[Data items]
• • • •

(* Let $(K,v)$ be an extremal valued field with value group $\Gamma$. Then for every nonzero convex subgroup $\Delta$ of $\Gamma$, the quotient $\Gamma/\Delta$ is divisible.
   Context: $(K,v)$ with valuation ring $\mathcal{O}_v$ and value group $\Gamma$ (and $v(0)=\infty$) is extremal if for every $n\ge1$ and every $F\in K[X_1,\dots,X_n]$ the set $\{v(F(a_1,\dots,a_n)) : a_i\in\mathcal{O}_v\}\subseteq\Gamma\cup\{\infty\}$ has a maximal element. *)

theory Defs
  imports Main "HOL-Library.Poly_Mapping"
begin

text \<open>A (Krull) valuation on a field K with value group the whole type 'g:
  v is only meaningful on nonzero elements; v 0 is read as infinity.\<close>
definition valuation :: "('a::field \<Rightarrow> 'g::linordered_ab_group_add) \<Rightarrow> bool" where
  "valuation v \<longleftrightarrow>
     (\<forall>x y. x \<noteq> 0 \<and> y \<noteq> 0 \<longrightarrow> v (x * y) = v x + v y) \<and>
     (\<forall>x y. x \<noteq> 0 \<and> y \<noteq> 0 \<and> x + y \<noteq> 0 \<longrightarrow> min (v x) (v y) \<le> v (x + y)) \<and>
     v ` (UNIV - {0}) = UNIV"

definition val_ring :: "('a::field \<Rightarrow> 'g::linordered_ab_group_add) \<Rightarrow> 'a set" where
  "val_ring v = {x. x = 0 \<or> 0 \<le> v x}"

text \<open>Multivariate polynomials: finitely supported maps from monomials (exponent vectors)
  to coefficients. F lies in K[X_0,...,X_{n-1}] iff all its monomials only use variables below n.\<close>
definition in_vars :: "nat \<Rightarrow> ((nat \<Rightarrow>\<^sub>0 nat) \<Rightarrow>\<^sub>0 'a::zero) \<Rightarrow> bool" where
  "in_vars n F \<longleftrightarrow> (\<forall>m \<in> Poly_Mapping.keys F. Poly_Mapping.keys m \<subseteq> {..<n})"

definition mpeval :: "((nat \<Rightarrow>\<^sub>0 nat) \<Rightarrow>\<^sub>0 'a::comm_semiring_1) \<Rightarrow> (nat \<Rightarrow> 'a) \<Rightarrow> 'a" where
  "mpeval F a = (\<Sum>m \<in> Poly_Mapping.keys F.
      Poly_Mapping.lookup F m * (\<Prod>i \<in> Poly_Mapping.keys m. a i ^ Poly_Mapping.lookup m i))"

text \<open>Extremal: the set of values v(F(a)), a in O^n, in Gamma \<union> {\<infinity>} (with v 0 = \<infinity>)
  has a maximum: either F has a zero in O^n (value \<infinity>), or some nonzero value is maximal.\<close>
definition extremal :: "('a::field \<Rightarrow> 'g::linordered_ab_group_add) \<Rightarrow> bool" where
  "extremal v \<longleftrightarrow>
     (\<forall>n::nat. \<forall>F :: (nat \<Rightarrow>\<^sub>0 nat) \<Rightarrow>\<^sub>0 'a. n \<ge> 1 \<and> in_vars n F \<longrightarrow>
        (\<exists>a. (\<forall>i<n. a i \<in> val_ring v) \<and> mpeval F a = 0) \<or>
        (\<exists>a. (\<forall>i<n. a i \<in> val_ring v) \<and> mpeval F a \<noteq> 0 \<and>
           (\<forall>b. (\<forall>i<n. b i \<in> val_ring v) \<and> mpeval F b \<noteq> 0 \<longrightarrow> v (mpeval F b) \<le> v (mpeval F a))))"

• • • •

Work order:
Exactly and only the lines from the line containing "(\<Sum>m \<in> Poly_Mapping.keys F." through the final line of the records above must be returned.

Exercise answer:
  "mpeval F a = (\<Sum>m \<in> Poly_Mapping.keys F.
      Poly_Mapping.lookup F m * (\<Prod>i \<in> Poly_Mapping.keys m. a i ^ Poly_Mapping.lookup m i))"

text \<open>Extremal: the set of values v(F(a)), a in O^n, in Gamma \<union> {\<infinity>} (with v 0 = \<infinity>)
  has a maximum: either F has a zero in O^n (value \<infinity>), or some nonzero value is maximal.\<close>
definition extremal :: "('a::field \<Rightarrow> 'g::linordered_ab_group_add) \<Rightarrow> bool" where
  "extremal v \<longleftrightarrow>
     (\<forall>n::nat. \<forall>F :: (nat \<Rightarrow>\<^sub>0 nat) \<Rightarrow>\<^sub>0 'a. n \<ge> 1 \<and> in_vars n F \<longrightarrow>
        (\<exists>a. (\<forall>i<n. a i \<in> val_ring v) \<and> mpeval F a = 0) \<or>
        (\<exists>a. (\<forall>i<n. a i \<in> val_ring v) \<and> mpeval F a \<noteq> 0 \<and>
           (\<forall>b. (\<forall>i<n. b i \<in> val_ring v) \<and> mpeval F b \<noteq> 0 \<longrightarrow> v (mpeval F b) \<le> v (mpeval F a))))"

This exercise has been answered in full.